Sorting takes O(NlogN) so how it is O(N^2logN)??. What we miss here is that comparison of two strings is not O(1); in worst case, it takes O(N). So the final complexity is O(N^2logN).

Is this correct? I had always assumed that sorting was always O(NlogN) but now I feel a little thrown off because it has become O(N^2logN).

If someone could explain why it's O(N^2logN) that would be great.

Edit: quote taken from here: https://www.hackerrank.com/challenges/string-similarity/topics/suffix-array

回答1:

Think of it this way.

When you are sorting numbers, to detect which number is bigger, you need only 1 comparison.

But when sorting strings, to detect which string is bigger, at times you need to compare all the characters of the string (i.e comparing hello and hella would need 5 char comparisons).

So in that case, every string comparison would take time that is directly proportional to the length of the strings. If the length is consistent, (suppose l), then the complexity would become O(l*nlogn)


Do not get confused between n and l. In any time complexity, n would stand for the number of inputs. In your case, complexity will be O(n^2logn) only when the length of the strings are also n.

Otherwise, taking the length of the strings as l, complexity would be O(l*nlogn)



回答2:

You extracted that quote out of context; it's worth putting it back into context to understand what's going on.

The context is that we start with some string S of length N, and wish to sort the set of all possible suffixes of that string.

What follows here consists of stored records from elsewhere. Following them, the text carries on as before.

theorem proposition5p1:
  fixes M :: "'w measure"
    and \<V> :: "'w \<Rightarrow> 'd::finite site \<Rightarrow> real"
    and \<rho> :: "real \<Rightarrow> real"
    and v_max :: real
    and \<U> :: "'d site \<Rightarrow> real"
    and lam \<tau> L m :: real
    and N :: nat
    and p :: "nat \<Rightarrow> real"
    and x :: "'d config"
  assumes tau: "0 < \<tau>" "\<tau> < 1"
    and prob: "prob_space M"
    and indep: "prob_space.indep_vars M (\<lambda>_. borel) (\<lambda>u \<omega>. \<V> \<omega> u) UNIV"
    and distr: "\<And>u. distributed M lborel (\<lambda>\<omega>. \<V> \<omega> u) (\<lambda>t. ennreal (\<rho> t))"
    and vmax: "0 < v_max"
    and rho_supp: "\<And>t. t \<notin> {0..v_max} \<Longrightarrow> \<rho> t = 0"
    and rho_bounds: "\<exists>c1 c2. 0 < c1 \<and> 0 < c2 \<and> (\<forall>t\<in>{0..v_max}. c1 \<le> \<rho> t \<and> \<rho> t \<le> c2)"
    and rho_C1: "\<exists>\<rho>'. (\<forall>t\<in>{0<..<v_max}. (\<rho> has_real_derivative \<rho>' t) (at t))
                     \<and> continuous_on {0<..<v_max} \<rho>' \<and> bounded (\<rho>' ` {0<..<v_max})"
    and U_fin: "finite {u. \<U> u \<noteq> 0}"
    and lam: "0 < lam"
    and N: "2 \<le> N"
    and p: "\<And>n. 1 \<le> n \<Longrightarrow> n \<le> N - 1 \<Longrightarrow> 1 \<le> p n"
    and L: "2 \<le> L"
    and m: "0 < m"
    and hyp: "\<And>n. 1 \<le> n \<Longrightarrow> n \<le> N - 1 \<Longrightarrow>
        (INF x0\<in>{x0. length x0 = n}.
           measure M {\<omega>\<in>space M. m_localizing_cube \<tau> m lam (\<V> \<omega>) \<U> n L x0})
        \<ge> 1 - L powr (- p n)"
    and x: "length x = N"
    and PI: "partially_interactive \<U> N L x"
  shows "measure M {\<omega>\<in>space M. m_localizing_cube \<tau> m lam (\<V> \<omega>) \<U> N L x}
         \<ge> 1 - L powr (- ((MIN n\<in>{1..N-1}. p n) - ln 2 / ln L))"
proof -
  \<comment> \<open>Only the measurability of the potential enters.\<close>
  from PI obtain N1 N2 S1 S2 where N12: "1 \<le> N1" "1 \<le> N2" "N1 + N2 = N"
    and cube: "partially_interactive_cube \<U> N N1 N2 S1 S2 L x"
    unfolding partially_interactive_def partially_interactive_cube_def using x L U_fin by auto
  interpret partially_interactive_cube \<U> N N1 N2 S1 S2 L x by (fact cube)
  have V: "\<V> \<in> borel_measurable M"
    by (rule measurable_coordinatewise_then_product) (use distributed_measurable[OF distr] in simp)
  define q where "q = (MIN n\<in>{1..N-1}. p n)"
  have factor_bound: "1 - L powr (- q) \<le> measure M {\<omega>\<in>space M. m_localizing_cube \<tau> m lam (\<V> \<omega>) \<U> n L a}"
    if "1 \<le> n" "n \<le> N - 1" "length a = n" for n a
  proof -
    have "L powr (- p n) \<le> L powr (- q)"
      using that L by (intro powr_mono) (auto simp: q_def)
    moreover have "1 - L powr (- p n) \<le> measure M {\<omega>\<in>space M. m_localizing_cube \<tau> m lam (\<V> \<omega>) \<U> n L a}"
      using le_measure_if_le_INF[OF hyp[OF that(1,2)]] that(3) by simp
    ultimately show ?thesis by linarith
  qed
  have "1 - 2 * L powr (- q) \<le> measure M {\<omega>\<in>space M. m_localizing_cube \<tau> m lam (\<V> \<omega>) \<U> N L x}"
    using factor_bound[of N1 x1] factor_bound[of N2 x2] N12 length_x1 length_x2
      prob_m_localizing_ge[OF prob V, of m \<tau> lam] m
    by linarith
  then show ?thesis unfolding q_def[symmetric] using L by (subst powr_minus_diff_log2) auto
qed
lemma cone_fun_shift:
  assumes c: "c > 0" and b: "entire_coeffs b" and x: "in_cone c x t"
  shows "cone_fun c (\<lambda>n. if K \<le> n then a * b (n - K) else 0) (J + K) x t = a * cone_fun c b J x t"
  using cone_radius_pos[OF c x] by (simp add: cone_fun_def pseries_shift[OF b] power_add)

lemma KG_pow_cone_fun:
  assumes c: "c > 0" and b: "entire_coeffs b"
  shows "eq_on_cone c ((KG c ^^ m) (cone_fun c b J :: real ^ 'n \<Rightarrow> real \<Rightarrow> real))
    (cone_fun c (kg_iter c CARD('n) J b m) (J + 2 * m))"
proof (induction m)
  case (Suc m)
  have "KG c (cone_fun c (kg_iter c CARD('n) J b m) (J + 2 * m)) x t
      = cone_fun c (kg_iter c CARD('n) J b (Suc m)) (J + 2 * Suc m) x t" if x: "in_cone c x t" for x :: "real ^ 'n" and t
    using KG_cone_fun[OF c entire_coeffs_kg_iter[OF b] x] pseries_scale[OF entire_coeffs_kg_coeffs[OF entire_coeffs_kg_iter[OF b]]]
    by (simp add: cone_fun_def)
  with eq_on_cone_KG[OF Suc] show ?case by (simp add: eq_on_cone_def)
qed (simp add: eq_on_cone_def)

section \<open>The coefficients of the flight density\<close>

text \<open>Written with \<open>rGamma = 1/\<Gamma>\<close>, so that the coefficient vanishes at the poles of \<open>\<Gamma>\<close>
  (e.g. for \<open>j = 0\<close>); the computation of the iterated operator relies on this.\<close>
definition flight_coeff :: "real \<Rightarrow> real \<Rightarrow> nat \<Rightarrow> nat \<Rightarrow> real" where
  "flight_coeff c lam N j =
     (lam / (2 * c)) ^ (j * N) * rGamma (real j / 2 * real N) * rGamma (real N / 2 * (real j + 1))"

definition flight_coeffs :: "real \<Rightarrow> real \<Rightarrow> nat \<Rightarrow> nat \<Rightarrow> real" where
  "flight_coeffs c lam N n = (if N dvd n then flight_coeff c lam N (n div N) else 0)"

lemma flight_coeff_0 [simp]: "flight_coeff c lam N 0 = 0"
  by (simp add: flight_coeff_def)

lemma summable_flight_coeff:
  assumes N: "N \<ge> 1"
  shows "summable (\<lambda>j. flight_coeff c lam N j * y ^ (j * N))"
proof -
  define Z where "Z = (lam / (2 * c) * y) ^ N"
  define R where "R = (\<lambda>j. rGamma (real j / 2 * real N) * rGamma (real N / 2 * (real j + 1)))"
  have "summable (\<lambda>k. Z ^ k * R (Suc k))"
  proof (rule summable_pow_mult_pochhammer_ratio[OF N, where g = "\<lambda>k. real (Suc k) / 2 * real N"])
    fix k
    show "real (Suc k) / 2 * real N \<ge> real k / 2"
      using N mult_left_mono[of 1 "real N" "real (Suc k) / 2"] by simp
    show "R (Suc k) > 0" using N by (simp add: R_def rGamma_inverse_Gamma)
    have "real (Suc k) / 2 * real N + real N = real N / 2 * (real (Suc (Suc k)) + 1)"
      by (simp add: field_simps)
    with pochhammer_rGamma[of "real (Suc k) / 2 * real N" N]
    have "rGamma (real (Suc k) / 2 * real N)
        = pochhammer (real (Suc k) / 2 * real N) N * rGamma (real N / 2 * (real (Suc (Suc k)) + 1))"
      by (simp only: of_nat_id)
    then show "R (Suc k) = pochhammer (real (Suc k) / 2 * real N) N * R (Suc (Suc k))"
      by (simp add: R_def algebra_simps)
  qed
  then have "summable (\<lambda>k. Z ^ Suc k * R (Suc k))"
    using summable_mult[of _ Z] by (simp add: mult.assoc)
  then have "summable (\<lambda>j. Z ^ j * R j)" by (rule summable_Suc_iff[THEN iffD1])
  moreover have "Z ^ j * R j = flight_coeff c lam N j * y ^ (j * N)" for j
  proof -
    have "Z ^ j = (lam / (2 * c)) ^ (j * N) * y ^ (j * N)"
      unfolding Z_def power_mult[symmetric] power_mult_distrib by (simp only: mult.commute)
    then show ?thesis by (simp add: R_def flight_coeff_def)
  qed
  ultimately show ?thesis by simp
qed

lemma sums_flight_coeff_iff:
  assumes N: "N \<ge> 1"
  shows "(\<lambda>j. flight_coeff c lam N j * y ^ (j * N)) sums s \<longleftrightarrow> (\<lambda>n. flight_coeffs c lam N n * y ^ n) sums s"
proof -
  have "strict_mono (\<lambda>j. j * N)" using N by (simp add: strict_mono_def)
  moreover have "flight_coeffs c lam N n * y ^ n = 0" if "n \<notin> range (\<lambda>j. j * N)" for n
    using that by (auto simp: flight_coeffs_def elim!: dvdE)
  moreover have "flight_coeffs c lam N (j * N) = flight_coeff c lam N j" for j
    using N by (simp add: flight_coeffs_def)
  ultimately show ?thesis
    using sums_mono_reindex[of "\<lambda>j. j * N" "\<lambda>n. flight_coeffs c lam N n * y ^ n"] by simp
qed

lemma entire_coeffs_flight_coeffs: "N \<ge> 1 \<Longrightarrow> entire_coeffs (flight_coeffs c lam N)"
  unfolding entire_coeffs_def summable_def
  using summable_flight_coeff sums_flight_coeff_iff by (metis summable_def)

lemma sums_flight_coeff_pseries:
  "N \<ge> 1 \<Longrightarrow> (\<lambda>j. flight_coeff c lam N j * y ^ (j * N)) sums pseries (flight_coeffs c lam N) y"
  using sums_flight_coeff_iff sums_pseries entire_coeffs_flight_coeffs by blast

lemma prod_minus_even_pochhammer:
  "(\<Prod>i<n. 2 * x - real (2 + 2 * i)) = 2 ^ n * pochhammer (x - real n) n"
proof (induction n)
  case (Suc n)
  have "(\<Prod>i<Suc n. 2 * x - real (2 + 2 * i)) = 2 ^ n * pochhammer (x - real n) n * (2 * x - real (2 + 2 * n))"
    by (simp only: prod.lessThan_Suc Suc.IH)
  also have "\<dots> = 2 ^ Suc n * ((x - real (Suc n)) * pochhammer (x - real n) n)"
    by (simp add: algebra_simps)
  also have "(x - real (Suc n)) * pochhammer (x - real n) n = pochhammer (x - real (Suc n)) (Suc n)"
    by (simp add: pochhammer_rec algebra_simps)
  finally show ?case .
qed simp

lemma prod_kg_factors_pochhammer:
  "(\<Prod>i<N. (y - real (2 + 2 * i)) * (y - real (2 + 2 * i) + real N))
    = 4 ^ N * pochhammer (y / 2 - real N) N * pochhammer ((y + real N) / 2 - real N) N"
proof -
  have "2 * ((y + real N) / 2) = y + real N" by simp
  then have "(\<Prod>i<N. y - real (2 + 2 * i) + real N) = (\<Prod>i<N. 2 * ((y + real N) / 2) - real (2 + 2 * i))"
    by (simp only: algebra_simps)
  then show ?thesis
    using prod_minus_even_pochhammer[of "y / 2" N] prod_minus_even_pochhammer[of "(y + real N) / 2" N]
    by (simp add: prod.distrib power_mult_distrib[symmetric])
qed

lemma pochhammer_mult_flight_coeff:
  "pochhammer (real j / 2 * real N - real N) N * pochhammer (real N / 2 * (real j + 1) - real N) N
     * flight_coeff c lam N j
   = (lam / (2 * c)) ^ (2 * N) * (if 2 \<le> j then flight_coeff c lam N (j - 2) else 0)"
proof -
  define a where "a = real j / 2 * real N - real N"
  define b where "b = real N / 2 * (real j + 1) - real N"
  have "flight_coeff c lam N j = (lam / (2 * c)) ^ (j * N) * rGamma (a + real N) * rGamma (b + real N)"
    by (simp add: flight_coeff_def a_def b_def)
  then have lhs: "pochhammer a N * pochhammer b N * flight_coeff c lam N j
      = (lam / (2 * c)) ^ (j * N) * rGamma a * rGamma b"
    using pochhammer_rGamma[of a N] pochhammer_rGamma[of b N] by simp
  show ?thesis
    unfolding a_def[symmetric] b_def[symmetric] lhs
  proof (cases "2 \<le> j")
    case True
    then obtain i where j: "j = i + 2" by (metis add.commute le_Suc_ex)
    have ab: "a = real i / 2 * real N" "b = real N / 2 * (real i + 1)"
      by (simp_all add: a_def b_def j field_simps)
    moreover have "j * N = 2 * N + i * N" by (simp add: j algebra_simps)
    then have "(lam / (2 * c)) ^ (j * N) = (lam / (2 * c)) ^ (2 * N) * (lam / (2 * c)) ^ (i * N)"
      by (simp only: power_add)
    ultimately show "(lam / (2 * c)) ^ (j * N) * rGamma a * rGamma b =
        (lam / (2 * c)) ^ (2 * N) * (if 2 \<le> j then flight_coeff c lam N (j - 2) else 0)"
      using True unfolding ab by (simp add: j flight_coeff_def mult_ac)
  next
    case False
    then have "j = 0 \<or> j = 1" by auto
    then have "rGamma a * rGamma b = 0"
      by (auto simp: a_def b_def rGamma_eq_zero_iff)
    then show "(lam / (2 * c)) ^ (j * N) * rGamma a * rGamma b =
        (lam / (2 * c)) ^ (2 * N) * (if 2 \<le> j then flight_coeff c lam N (j - 2) else 0)"
      using False by simp
  qed
qed

lemma kg_iter_eq_pochhammer:
  "kg_iter c (Suc N) 2 b N k = (c\<^sup>2) ^ N * 4 ^ N
    * pochhammer (real k / 2 - real N) N * pochhammer ((real k + real N) / 2 - real N) N * b k"
proof -
  have "(\<Prod>i<N. (real k - real (2 + 2 * i)) * (real k - real (2 + 2 * i) + real (Suc N) - 1))
      = (\<Prod>i<N. (real k - real (2 + 2 * i)) * (real k - real (2 + 2 * i) + real N))"
    by (intro prod.cong) (simp_all add: algebra_simps)
  then show ?thesis by (simp only: kg_iter_eq_prod prod_kg_factors_pochhammer mult.assoc)
qed

lemma kg_iter_flight_coeffs:
  assumes N: "N \<ge> 1" and c: "c > 0"
  shows "kg_iter c (Suc N) 2 (flight_coeffs c lam N) N k =
    (if 2 * N \<le> k then lam ^ (2 * N) * flight_coeffs c lam N (k - 2 * N) else 0)"
proof (cases "N dvd k")
  case False
  then have "\<not> N dvd (k - 2 * N)" if "2 * N \<le> k"
    using that dvd_diffD[of N k "2 * N"] by auto
  then show ?thesis using False by (simp add: kg_iter_eq_pochhammer flight_coeffs_def)
next
  case True
  then obtain j where "k = N * j" by (rule dvdE)
  then have k: "k = j * N" by simp
  have ab: "real k / 2 - real N = real j / 2 * real N - real N"
    "(real k + real N) / 2 - real N = real N / 2 * (real j + 1) - real N"
    by (simp_all add: k field_simps)
  have "flight_coeffs c lam N k = flight_coeff c lam N j"
    using N by (simp add: k flight_coeffs_def)
  then have "kg_iter c (Suc N) 2 (flight_coeffs c lam N) N k = (c\<^sup>2) ^ N * 4 ^ N
      * (pochhammer (real j / 2 * real N - real N) N * pochhammer (real N / 2 * (real j + 1) - real N) N
         * flight_coeff c lam N j)"
    unfolding kg_iter_eq_pochhammer ab by (simp only: mult.assoc)
  also have "\<dots> = (c\<^sup>2 * 4 * (lam / (2 * c))\<^sup>2) ^ N * (if 2 \<le> j then flight_coeff c lam N (j - 2) else 0)"
    unfolding pochhammer_mult_flight_coeff by (simp only: power_mult power_mult_distrib mult.assoc)
  also have "c\<^sup>2 * 4 * (lam / (2 * c))\<^sup>2 = lam\<^sup>2"
    using c by (simp add: field_simps power2_eq_square)
  moreover have "2 * N \<le> k \<longleftrightarrow> 2 \<le> j" using N by (simp add: k)
  moreover have "flight_coeffs c lam N (k - 2 * N) = flight_coeff c lam N (j - 2)" if "2 \<le> j"
    using N that by (simp add: k flight_coeffs_def diff_mult_distrib[symmetric])
  ultimately show ?thesis by (simp add: power_mult)
qed

lemma KG_pow_flight_cone_fun:
  fixes x :: "real ^ 'n"
  assumes N: "N \<ge> 1" "CARD('n) = Suc N" and c: "c > 0" and x: "in_cone c x t"
  shows "(KG c ^^ N) (cone_fun c (flight_coeffs c lam N) 2) x t = lam ^ (2 * N) * cone_fun c (flight_coeffs c lam N) 2 x t"
proof -
  have B: "entire_coeffs (flight_coeffs c lam N)" by (rule entire_coeffs_flight_coeffs[OF N(1)])
  have "(KG c ^^ N) (cone_fun c (flight_coeffs c lam N) 2) x t
      = cone_fun c (kg_iter c CARD('n) 2 (flight_coeffs c lam N) N) (2 + 2 * N) x t"
    using KG_pow_cone_fun[OF c B, of N 2, where 'n = 'n] x by (simp add: eq_on_cone_def)
  also have "kg_iter c CARD('n) 2 (flight_coeffs c lam N) N
      = (\<lambda>k. if 2 * N \<le> k then lam ^ (2 * N) * flight_coeffs c lam N (k - 2 * N) else 0)"
    by (simp add: fun_eq_iff N(2) kg_iter_flight_coeffs[OF N(1) c])
  also have "cone_fun c \<dots> (2 + 2 * N) x t = lam ^ (2 * N) * cone_fun c (flight_coeffs c lam N) 2 x t"
    by (rule cone_fun_shift[OF c B x])
  finally show ?thesis .
qed

section \<open>The density as a function of the cone radius\<close>

lemma summable_ML2_series:
  assumes N: "N \<ge> 1"
  shows "summable (\<lambda>k. X ^ k / Gamma (real N * real k + real N))"
proof -
  have "summable (\<lambda>k. X ^ k * rGamma (real N * real k + real N))"
  proof (rule summable_pow_mult_pochhammer_ratio[OF N, where g = "\<lambda>k. real N * real k + real N"])
    fix k
    show "real N * real k + real N \<ge> real k / 2"
      using N mult_right_mono[of 1 "real N" "real k"] by simp
    show "rGamma (real N * real k + real N) > 0"
      using N by (simp add: rGamma_inverse_Gamma add_nonneg_pos)
    have "real N * real (Suc k) + real N = (real N * real k + real N) + real N"
      by (simp add: algebra_simps)
    with pochhammer_rGamma[of "real N * real k + real N" N]
    show "rGamma (real N * real k + real N)
        = pochhammer (real N * real k + real N) N * rGamma (real N * real (Suc k) + real N)"
      by (simp only: of_nat_id)
  qed
  then show ?thesis by (simp add: rGamma_inverse_Gamma divide_inverse)
qed

lemma ML2_pos: "N \<ge> 1 \<Longrightarrow> X > 0 \<Longrightarrow> ML2 (real N) (real N) X > 0"
  unfolding ML2_def
  by (intro suminf_pos summable_ML2_series) (simp_all add: add_nonneg_pos)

There are N possible non-empty suffixes, one for each character position, and the average size of a string in that set is (N+1)/2 (since every length from 1 to N is equally likely.)

If we assume that the expected cost of comparing two strings of average length L is O(L), and the expected number of comparisons to sort N objects is O(N log N), and finally since L is (N+1)/2, we can see that the expected time to comparison-sort this particular set of strings is O((N+1)/2×N×logN) which simplifies to O(N2logN).

But the expected cost of comparing two strings of length L is not actually O(L), because it is generally the case that it is not necessary to look at every character position in two strings in order to compare them. It is sufficient to look at the characters until the first non-match is found. If the strings are randomly distributed in the universe of possible strings, then the expected number of characters which need to be examined is actually O(1) (by a simple probabilistic argument), although the worst-case cost is O(L).

In the case of quicksort (at least), there is a counter-balance, which is the tendency for comparisons in later phases of the quicksort to be between strings which are closer together. In this case, the number of characters needed to be examined tends to approach log N, which is the expected length of the longest common prefix between two consecutive strings in a sorted uniformly-distributed sample of N strings.

So the actual expected cost of the sort should be O(Nlog2N).

As a further complication, it is possible to modify the quicksort algorithm to track the LCPs of each partition, which might help restore the expected number of comparisons to something smaller than log N.

(A similar argument can be applied to radix sort, which also eliminates the apparent O(L) term from the expected -- but not worst-case -- time. The cited article proceeds to provide a much better algorithm for the suffix tree problem, which avoids comparison-sorting.)